ACTIVITY:
Copy each line of the entries beneath that contains the word "frac".

INPUT MATERIAL:
(* Let $n\ge1$ and let $k_1\le k_2\le\cdots\le k_n$ be integers. Then $$\sum_{A} (-1)^{\#\{\text{special little triangles in }A\}+\#\{\text{entries of }A\text{ decorated with }\nwarrow\nearrow\}} \;=\; \sum_{G} 2^{r(G)},$$ where the left sum is over all arrowed Gelfand–Tsetlin patterns $A$ with bottom row $k_1,\ldots,k_n$, and the right sum is over all (undecorated) Gelfand–Tsetlin patterns $G$ with bottom row $k_1,\ldots,k_n$ such that no row other than the bottom row contains three equal entries; here $r(G)$ is the number of entries of $G$ that are not equal to both their $\nwarrow$-neighbor and their $\nearrow$-neighbor.
   Context: A Gelfand–Tsetlin pattern with $n$ rows is a triangular array of integers $(a_{i,j})_{1\le j\le i\le n}$, row $i$ being $a_{i,1},\ldots,a_{i,i}$, drawn so that $a_{i-1,j}$ sits between $a_{i,j}$ and $a_{i,j+1}$, satisfying $a_{i+1,j}\le a_{i,j}\le a_{i+1,j+1}$ for all $1\le j\le i<n$. Row $n$ is the bottom row. For an entry $a_{i,j}$: its $\nwarrow$-neighbor is $a_{i-1,j-1}$ and its $\nearrow$-neighbor is $a_{i-1,j}$ (when they exist; an entry lacking one of these neighbors is in particular not equal to both), its $\swarrow$-neighbor is $a_{i+1,j}$ and its $\searrow$-neighbor is $a_{i+1,j+1}$, and its left/right neighbors are $a_{i,j-1}$, $a_{i,j+1}$. An arrowed Gelfand–Tsetlin pattern is a Gelfand–Tsetlin pattern in which each entry either carries no decoration or carries exactly one decoration from $\{\nwarrow,\nearrow,\nwarrow\nearrow\}$ (the last one is called the double arrow), subject to: if an entry $a$ equals its $\nearrow$-neighbor and is decorated with $\nearrow$ or $\nwarrow\nearrow$, then the entry to the right of $a$ in the same row also equals $a$ and is decorated with $\nwarrow$ or $\nwarrow\nearrow$; and if $a$ equals its $\nwarrow$-neighbor and is decorated with $\nwarrow$ or $\nwarrow\nearrow$, then the entry to the left of $a$ in the same row also equals $a$ and is decorated with $\nearrow$ or $\nwarrow\nearrow$. A special little triangle is an entry $a$ that equals both its $\swarrow$-neighbor $b$ and its $\searrow$-neighbor $c$, where $b$ is decorated with $\nearrow$ or $\nwarrow\nearrow$ and $c$ is decorated with $\nwarrow$ or $\nwarrow\nearrow$. *)

theory Defs
  imports Main
begin
(* Let $\xi$ be a transcendental real number. For every positive integer $k$, $$(k+1) \bigl( 1 + \lambda_{k+1} (\xi) \bigr) \ge k \bigl( 1 + \lambda_k (\xi) \bigr).$$ Consequently, for every integer $n \ge k$, $$\lambda_n (\xi) \ge \frac{k \lambda_k (\xi) - n + k}{n}.$$
   Context: For an integer $n \ge 1$ and a real number $\xi$, $\lambda_n(\xi)$ denotes the supremum (possibly $+\infty$) of the real numbers $\lambda$ such that, for arbitrarily large real numbers $X$, the inequalities $0 < |x_0| \le X$, $\max_{1 \le m \le n} |x_0 \xi^m - x_m| \le X^{-\lambda}$ have a solution in integers $x_0, \ldots, x_n$. The inequalities are understood in the extended reals (if $\lambda_k(\xi)=+\infty$ then the right-hand sides are $+\infty$). *)

theory Defs
  imports "HOL-Analysis.Analysis" "HOL-Computational_Algebra.Polynomial"
begin

definition transcendental_real :: "real \<Rightarrow> bool" where
  "transcendental_real \<xi> \<longleftrightarrow>
     \<not> (\<exists>p :: int poly. p \<noteq> 0 \<and> poly (map_poly real_of_int p) \<xi> = 0)"

definition unif_lambda :: "nat \<Rightarrow> real \<Rightarrow> ereal" where
  "unif_lambda n \<xi> = Sup (ereal ` {lam :: real.
     \<forall>X0 :: real. \<exists>X \<ge> X0. X > 0 \<and>
       (\<exists>(x0 :: int) (x :: nat \<Rightarrow> int).
          0 < \<bar>x0\<bar> \<and> real_of_int \<bar>x0\<bar> \<le> X \<and>
          (\<forall>m \<in> {1..n}. \<bar>real_of_int x0 * \<xi> ^ m - real_of_int (x m)\<bar> \<le> X powr (- lam)))})"

end

theory Submission
  imports Defs
begin

(* Take an integer point (x_0, ..., x_k) of height X approximating (1, xi, ..., xi^k) with
   error X^(-lambda). Siegel's lemma gives a nonzero integer relation sum d_i x_i = 0 with
   |d_i| <= B, where B is of order X^(1/k). For P = sum d_i t^i of degree D this makes x_0 P(xi)
   small, and multiplying by xi^(k+1-D) expresses d_D x_0 xi^(k+1) as an integer combination of
   the x_i up to a small error. This yields an approximation of (1, xi, ..., xi^(k+1)) of height
   BX with error of order B X^(-lambda), whence lambda_(k+1) >= (k lambda_k - 1)/(k+1), that is
   (k+1)(1 + lambda_(k+1)) >= k(1 + lambda_k). Iterating from k to n gives the bound on lambda_n. *)

lemma abs_sum_mult_le:
  fixes a b :: "'i \<Rightarrow> real" and A C :: real
  assumes "\<forall>i\<in>I. \<bar>a i\<bar> \<le> A" and "\<forall>i\<in>I. \<bar>b i\<bar> \<le> C"
  shows "\<bar>\<Sum>i\<in>I. a i * b i\<bar> \<le> card I * (A * C)"
proof -
  have "\<bar>\<Sum>i\<in>I. a i * b i\<bar> \<le> (\<Sum>i\<in>I. \<bar>a i * b i\<bar>)"
    by (rule sum_abs)
  also have "\<dots> \<le> (\<Sum>i\<in>I. A * C)"
  proof (rule sum_mono)
    fix i assume "i \<in> I"
    then have "\<bar>a i\<bar> \<le> A" "\<bar>b i\<bar> \<le> C"
      using assms by auto
    then show "\<bar>a i * b i\<bar> \<le> A * C"
      unfolding abs_mult by (rule mult_mono') simp_all
  qed
  finally show ?thesis
    by simp
qed

lemma mult_add_one_less_power_Suc:
  fixes a B :: real
  assumes "0 \<le> a" and "1 \<le> B" and "a + 1 \<le> B ^ k"
  shows "a * B + 1 < (B + 1) ^ (k + 1)"
proof -
  have "a * B + 1 < (B + 1) * (a + 1)"
    using assms(1,2) by (simp add: algebra_simps)
  also have "\<dots> \<le> (B + 1) * B ^ k"
    using assms by (intro mult_left_mono) auto
  also have "\<dots> \<le> (B + 1) * (B + 1) ^ k"
    using assms(2) by (intro mult_left_mono power_mono) auto
  finally show ?thesis by simp
qed
(* For every real $y\ge0$, $\displaystyle\sum_{k,\ell\in\mathbb{N}}\frac{y^{k\ell}}{(k!)^\ell\,\ell!}<\infty$. Moreover, $\displaystyle\sum_{k,\ell\in\mathbb{N}}\frac{1}{(k!)^\ell\,\ell!}\le e^2$.
   Context: $\mathbb{N}=\{1,2,3,\dots\}$. *)

theory Defs
  imports "HOL-Analysis.Analysis"
begin

end

theory Submission
  imports Defs
begin

text \<open>Writing \<open>t\<^sub>k = y\<^sup>k / k!\<close>, the summand is \<open>t\<^sub>k\<^sup>l / l!\<close>. Every \<open>t\<^sub>k\<close> is a single term
  of the exponential series, so \<open>t\<^sub>k \<le> C\<close> with \<open>C = max 1 (exp y)\<close>, and for \<open>l \<ge> 1\<close>
  the summand is at most \<open>t\<^sub>k \<cdot> C\<^sup>l / l!\<close>. This dominating family is a product of two
  tails of exponential series, hence summable. For \<open>y = 1\<close> one may take \<open>C = 1\<close>, and the
  sum is at most \<open>(e - 1)\<^sup>2 \<le> e\<^sup>2\<close>.\<close>

lemma has_sum_exp:
  fixes x :: real
  shows "((\<lambda>n. x ^ n / fact n) has_sum exp x) UNIV"
proof (rule norm_summable_imp_has_sum)
  show "summable (\<lambda>n. norm (x ^ n / fact n))"
    using summable_norm_exp[of x] by (simp add: divide_inverse mult.commute)
  show "(\<lambda>n. x ^ n / fact n) sums exp x"
    using exp_converges[of x] by (simp add: divide_inverse mult.commute)
qed

lemma has_sum_exp_minus_one:
  fixes x :: real
  shows "((\<lambda>n. x ^ n / fact n) has_sum (exp x - 1)) {1..}"
proof -
  have "((\<lambda>n. x ^ n / fact n) has_sum (exp x - 1)) (UNIV - {0})"
    using has_sum_Diff[OF has_sum_exp has_sum_finite[of "{0}"]] by simp
  moreover have "UNIV - {0} = {1::nat..}"
    by auto
  ultimately show ?thesis
    by simp
qed

lemma power_div_fact_le_exp:
  fixes x :: real
  assumes "x \<ge> 0"
  shows "x ^ k / fact k \<le> exp x"
  using has_sum_mono'[OF has_sum_finite[of "{k}"] has_sum_exp] assms by simp

lemma has_sum_product_nonneg:
  fixes f :: "'a \<Rightarrow> real" and g :: "'b \<Rightarrow> real"
  assumes f: "(f has_sum a) A" and g: "(g has_sum b) B"
    and f_nonneg: "\<And>x. x \<in> A \<Longrightarrow> f x \<ge> 0" and g_nonneg: "\<And>y. y \<in> B \<Longrightarrow> g y \<ge> 0"
  shows "((\<lambda>(x, y). f x * g y) has_sum (a * b)) (A \<times> B)"
proof -
  have rows: "((\<lambda>y. (\<lambda>(x, y). f x * g y) (x, y)) has_sum f x * b) B" for x
    using has_sum_cmult_right[OF g, of "f x"] by simp
  have cols: "((\<lambda>x. f x * b) has_sum a * b) A"
    using has_sum_cmult_left[OF f] .
  have "(\<lambda>(x, y). f x * g y) summable_on A \<times> B"
    by (rule summable_on_SigmaI[OF rows has_sum_imp_summable[OF cols]])
      (simp add: f_nonneg g_nonneg)
  then show ?thesis
    by (rule has_sum_SigmaI[OF rows cols])
qed

lemma power_le_mult_power:
  fixes a C :: real
  assumes "0 \<le> a" "a \<le> C" "1 \<le> C" "l \<ge> 1"
  shows "a ^ l \<le> a * C ^ l"
proof -
  obtain m where l: "l = Suc m"
    using assms(4) by (cases l) auto
  have "a ^ m \<le> C ^ m"
    using assms by (intro power_mono) auto
  also have "\<dots> \<le> C ^ Suc m"
    using assms by (intro power_increasing) auto
  finally have "a ^ m \<le> C ^ Suc m" .
  then show ?thesis
    using l assms(1) by (simp add: mult_left_mono)
qed

lemma summand_le_product:
  fixes y C :: real
  assumes "y \<ge> 0" "y ^ k / fact k \<le> C" "1 \<le> C" "l \<ge> 1"
  shows "y ^ (k * l) / (fact k ^ l * fact l) \<le> y ^ k / fact k * (C ^ l / fact l)"
proof -
  have "(y ^ k / fact k) ^ l \<le> y ^ k / fact k * C ^ l"
    by (rule power_le_mult_power) (use assms in auto)
  then have "(y ^ k / fact k) ^ l / fact l \<le> y ^ k / fact k * C ^ l / fact l"
    by (rule divide_right_mono) simp
  then show ?thesis
    by (simp add: power_mult power_divide)
qed

lemma summable_on_double_series:
  fixes y :: real
  assumes y: "y \<ge> 0"
  shows "(\<lambda>(k::nat, l::nat). y ^ (k * l) / ((fact k) ^ l * fact l)) summable_on ({1..} \<times> {1..})"
proof -
  define C where "C = max 1 (exp y)"
  have C_ge_1: "C \<ge> 1"
    by (simp add: C_def)
  then have "((\<lambda>(k, l). y ^ k / fact k * (C ^ l / fact l)) has_sum (exp y - 1) * (exp C - 1))
      ({1::nat..} \<times> {1::nat..})"
    using y by (intro has_sum_product_nonneg has_sum_exp_minus_one) auto
  then have dominating: "(\<lambda>(k, l). y ^ k / fact k * (C ^ l / fact l)) summable_on ({1::nat..} \<times> {1::nat..})"
    by (rule has_sum_imp_summable)
  have term_le_C: "y ^ k / fact k \<le> C" for k
    using power_div_fact_le_exp[OF y, of k] by (simp add: C_def)
  show ?thesis
    by (intro summable_on_comparison_test[OF dominating])
      (use y summand_le_product[OF y term_le_C C_ge_1] in auto)
qed

lemma double_series_at_one_le:
  "(\<Sum>\<^sub>\<infinity>(k::nat, l::nat)\<in>{1..} \<times> {1..}. 1 / ((fact k) ^ l * fact l :: real)) \<le> (exp 1 - 1)\<^sup>2"
proof -
  have product: "((\<lambda>(k::nat, l::nat). 1 ^ k / fact k * (1 ^ l / fact l) :: real) has_sum (exp 1 - 1)\<^sup>2)
      ({1..} \<times> {1..})"
    unfolding power2_eq_square
    by (rule has_sum_product_nonneg[OF has_sum_exp_minus_one has_sum_exp_minus_one]) auto
  have "(\<lambda>(k::nat, l::nat). 1 / ((fact k) ^ l * fact l :: real)) summable_on ({1..} \<times> {1..})"
    using summable_on_double_series[of 1] by simp
  then show ?thesis
    using summand_le_product[of 1 _ 1]
    by (intro has_sum_mono[OF has_sum_infsum product]) auto
qed

theorem lemma6p1:
  shows "(\<forall>y::real. y \<ge> 0 \<longrightarrow>
           (\<lambda>(k::nat, l::nat). y ^ (k * l) / ((fact k) ^ l * fact l))
             summable_on ({1..} \<times> {1..})) \<and>
         ((\<Sum>\<^sub>\<infinity>(k::nat, l::nat)\<in>{1..} \<times> {1..}. 1 / ((fact k) ^ l * fact l :: real)) \<le> exp 2)"
proof (intro conjI allI impI)
  show "(\<lambda>(k::nat, l::nat). y ^ (k * l) / ((fact k) ^ l * fact l)) summable_on ({1..} \<times> {1..})"
    if "y \<ge> 0" for y :: real
    using summable_on_double_series[OF that] .
  have "(exp 1 - 1)\<^sup>2 \<le> (exp 1 :: real)\<^sup>2"
    by (rule power_mono) auto
  also have "\<dots> = exp 2"
    by (simp add: power2_eq_square flip: exp_add)
  finally show "(\<Sum>\<^sub>\<infinity>(k::nat, l::nat)\<in>{1..} \<times> {1..}. 1 / ((fact k) ^ l * fact l :: real)) \<le> exp 2"
    using double_series_at_one_le by linarith
qed

end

RESPONSE:
(* Let $\xi$ be a transcendental real number. For every positive integer $k$, $$(k+1) \bigl( 1 + \lambda_{k+1} (\xi) \bigr) \ge k \bigl( 1 + \lambda_k (\xi) \bigr).$$ Consequently, for every integer $n \ge k$, $$\lambda_n (\xi) \ge \frac{k \lambda_k (\xi) - n + k}{n}.$$
(* For every real $y\ge0$, $\displaystyle\sum_{k,\ell\in\mathbb{N}}\frac{y^{k\ell}}{(k!)^\ell\,\ell!}<\infty$. Moreover, $\displaystyle\sum_{k,\ell\in\mathbb{N}}\frac{1}{(k!)^\ell\,\ell!}\le e^2$.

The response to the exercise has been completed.